There’s a precedent for such a project: when the United Christian Church was raising money to build its Parish Hall (complete with the church’s first bathroom), a group of talented seamstresses took orders for one-of-a-kind quilted jackets, raising significant funds for the new Hall.
Farmers Market
The market is a lively place Saturday mornings, with shoppers coming by for baked goods, seafood, homemade soup, eggs, maple syrup, crafts, milk, yogurt, farmers cheese and meat. Stop by for a cup of coffee, browse the library books and best of all, get out and see your neighbors!
Fundraising spaghetti dinner
A spaghetti dinner at LCS on Saturday, Feb. 16, will support John Stephens, traveling to the Domincan Republic with a group from the Owls Head Baptist Church. The group’s task is to install the roof on a new refugee center. The supper starts at 5 p.m., and donations will be greatly appreciated.
Sympathy
The Collemer family suffered the loss of two siblings within a few weeks this winter. Reggie Collemer passed away Dec. 24 in Belfast; less than three weeks later, his sister, Elinor Collemer Johnson, died in Camden. When I was writing "Staying Put," Elinor and I got to know one another, as she told me the story of her family during the Depression and of her childhood, first on Chester Dean Road, and later on the farm on Searsmont Road where the family lives today. Condolences to the Collemers and friends.
Antler hunting
In case you’ve missed it, this is antler-hunting season. Corelyn Senn, with her network of wildlife cameras and live-feed transmission from the woods around her house, knows her deer. When a buck, who has been sporting a fine rack, shows up one night minus his headgear, Corelyn knows those antlers have probably been discarded somewhere nearby.

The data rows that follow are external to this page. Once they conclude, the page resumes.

lemma expectation_prob_add_tail_le:
  fixes Y :: "'a \<Rightarrow> nat" and Z :: "'a \<Rightarrow> 'b \<Rightarrow> nat"
  assumes "a \<ge> 0" "b \<ge> 0"
    and tail_Y: "\<And>x. measure_pmf.prob M {T. x \<le> Y T} \<le> b ^ x / fact x"
    and tail_Z: "\<And>T x. T \<in> set_pmf M \<Longrightarrow> measure_pmf.prob (N T) {y. x \<le> Z T y} \<le> a ^ x / fact x"
  shows "measure_pmf.expectation M (\<lambda>T. measure_pmf.prob (N T) {y. n \<le> Y T + Z T y})
    \<le> (a + b) ^ n / fact n"
proof -
  let ?g = "\<lambda>x T. a ^ x / fact x * indicator {T. n - x \<le> Y T} T"
  have integrable_g: "integrable M (?g x)" for x
    by (rule measure_pmf.integrable_const_bound[where B="a ^ x / fact x"])
      (use assms(1) in \<open>auto simp: indicator_def\<close>)
  have "measure_pmf.expectation M (\<lambda>T. measure_pmf.prob (N T) {y. n \<le> Y T + Z T y})
      \<le> measure_pmf.expectation M (\<lambda>T. \<Sum>x\<le>n. ?g x T)"
  proof (rule integral_mono_AE)
    show "integrable M (\<lambda>T. measure_pmf.prob (N T) {y. n \<le> Y T + Z T y})"
      by (rule measure_pmf.integrable_const_bound[where B=1]) auto
    show "integrable M (\<lambda>T. \<Sum>x\<le>n. ?g x T)" using integrable_g by simp
    have "measure_pmf.prob (N T) {y. n \<le> Y T + Z T y} \<le> (\<Sum>x\<le>n. ?g x T)" if "T \<in> set_pmf M" for T
    proof -
      have "(\<Sum>x\<le>n. ?g x T) = (\<Sum>x\<le>n. if n - x \<le> Y T then a ^ x / fact x else 0)"
        by (intro sum.cong) (auto simp: indicator_def)
      then show ?thesis using prob_shifted_tail_le[OF assms(1) tail_Z[OF that], of n "Y T"] by simp
    qed
    then show "AE T in M. measure_pmf.prob (N T) {y. n \<le> Y T + Z T y} \<le> (\<Sum>x\<le>n. ?g x T)"
      by (simp add: AE_measure_pmf_iff)
  qed
  also have "\<dots> = (\<Sum>x\<le>n. a ^ x / fact x * measure_pmf.prob M {T. n - x \<le> Y T})"
    using integrable_g by simp
  also have "\<dots> \<le> (\<Sum>x\<le>n. a ^ x / fact x * (b ^ (n - x) / fact (n - x)))"
    by (intro sum_mono mult_left_mono tail_Y) (use assms(1) in auto)
  also have "\<dots> = (a + b) ^ n / fact n" by (rule sum_power_div_fact_convolution)
  finally show ?thesis .
qed

lemma prob_sum_overlap_ge:
  assumes "m \<ge> 1" "a \<ge> 0"
  shows "sz 0 \<le> m \<Longrightarrow> \<forall>j\<in>{1..k}. sz j \<le> s \<and> sz j \<le> m \<Longrightarrow>
    real (\<Sum>j=0..k. sz j) * real s \<le> a * real m \<Longrightarrow>
    measure_pmf.prob (indep_unif_subsets m k sz) {T. n \<le> (\<Sum>i=1..k. overlap T i)}
      \<le> (real k * a) ^ n / fact n"
proof (induction k arbitrary: n)
  case 0
  then show ?case by simp
next
  case (Suc k)
  let ?M = "indep_unif_subsets m k sz"
  let ?U = "unif_subset m (sz (Suc k))"
  define Y where "Y T = (\<Sum>i=1..k. overlap T i)" for T
  define W where "W T = (\<Union>i\<le>k. T i)" for T :: "nat \<Rightarrow> nat set"
  have "real (\<Sum>j=0..k. sz j) * real s \<le> real (\<Sum>j=0..Suc k. sz j) * real s"
    by (intro mult_right_mono) simp_all
  then have size_bound: "real (\<Sum>j=0..k. sz j) * real s \<le> a * real m"
    using Suc.prems(3) by linarith
  have sz_Suc: "sz (Suc k) \<le> s" "sz (Suc k) \<le> m" using Suc.prems(2) by auto
  have tail_Y: "measure_pmf.prob ?M {T. x \<le> Y T} \<le> (real k * a) ^ x / fact x" for x
    unfolding Y_def using Suc.IH[of x] Suc.prems size_bound by auto
  have tail_Z: "measure_pmf.prob ?U {A. x \<le> card (W T \<inter> A)} \<le> a ^ x / fact x"
    if T: "T \<in> set_pmf ?M" for T x
  proof -
    have T_i: "T i \<subseteq> {1..m}" "card (T i) = sz i" if "i \<le> k" for i
      using set_pmf_indep_unif_subsets[OF T that] that Suc.prems(1,2) by (cases i; auto)+
    have finite_W: "finite (W T)" unfolding W_def using T_i by (auto intro: finite_subset)
    have "card (W T) \<le> (\<Sum>i\<le>k. card (T i))" unfolding W_def by (rule card_UN_le) simp
    also have "\<dots> = (\<Sum>j=0..k. sz j)" using T_i by (simp add: atMost_atLeast0)
    finally have card_W: "card (W T) \<le> (\<Sum>j=0..k. sz j)" .
    have "real (card (W T)) * real (sz (Suc k)) \<le> real (\<Sum>j=0..k. sz j) * real s"
      using card_W sz_Suc by (intro mult_mono) (simp_all only: of_nat_le_iff of_nat_0_le_iff)
    then have ratio: "real (card (W T)) * real (sz (Suc k)) / real m \<le> a"
      using size_bound assms(1) by (simp add: divide_simps)
    have "measure_pmf.prob ?U {A. x \<le> card (W T \<inter> A)}
        \<le> (real (card (W T)) * real (sz (Suc k)) / real m) ^ x / fact x"
      by (rule prob_unif_subset_card_Int_ge[OF finite_W sz_Suc(2) assms(1)])
    also have "\<dots> \<le> a ^ x / fact x"
      by (intro divide_right_mono power_mono ratio) auto
    finally show ?thesis .
  qed
  have "measure_pmf.prob (indep_unif_subsets m (Suc k) sz) {T. n \<le> (\<Sum>i=1..Suc k. overlap T i)}
      = measure_pmf.expectation ?M (\<lambda>T. measure_pmf.prob ?U {A. n \<le> Y T + card (W T \<inter> A)})"
    unfolding indep_unif_subsets_Suc measure_pmf_prob_bind_pmf
    by (simp only: measure_map_pmf vimage_def mem_Collect_eq sum_overlap_fun_upd_Suc Y_def W_def)
  also have "\<dots> \<le> (a + real k * a) ^ n / fact n"
    by (rule expectation_prob_add_tail_le[OF assms(2) _ tail_Y tail_Z]) (use assms(2) in auto)
  also have "\<dots> = (real (Suc k) * a) ^ n / fact n" by (simp add: algebra_simps)
  finally show ?case .
qed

On the weekend, every weekend, she comes by for Fritz, our 6-month-old Golden Retriever puppy, and off they go, antler-hunting. Fritz, of course, had no idea what he was supposed to be hunting, even though she explained it to him. So she brought him a piece of moose antler to chew on, hoping he’d get the taste. Apparently he did, for he’s found antlers under the snow even she didn’t see.
Cleaning out
A few comments and pointed looks from my daughters-in-law aimed at my tendency to, well, hoard stuff have hit their mark. Those D-I-Ls seem to think they’ll be stuck with the job after I’m gone. Well, of course they will!
But in an effort to make it a bit easier for them, I’m making an attempt this winter to get rid of some of the 40-year accumulation of things in this house. Lots of it gets tossed without a pang, but now and then I’m stopped in my tracks. The other day I opened a small box in a drawer to find half a dozen syringes and needles. Really big syringes and needles. They were remnants of our cow-keeping days, the decades we milked a cow (not the same cow – serial cows) and occasionally had to treat with various injections. A sick cow usually means a visit from the vet – George Holmes was always on call – but eventually we could diagnose problems and handled the administration ourselves. Of course, I should have tossed out the whole box; we’ll never need them again. But no, I closed it up and slipped it back in the drawer. Let the D-I-Ls ponder them.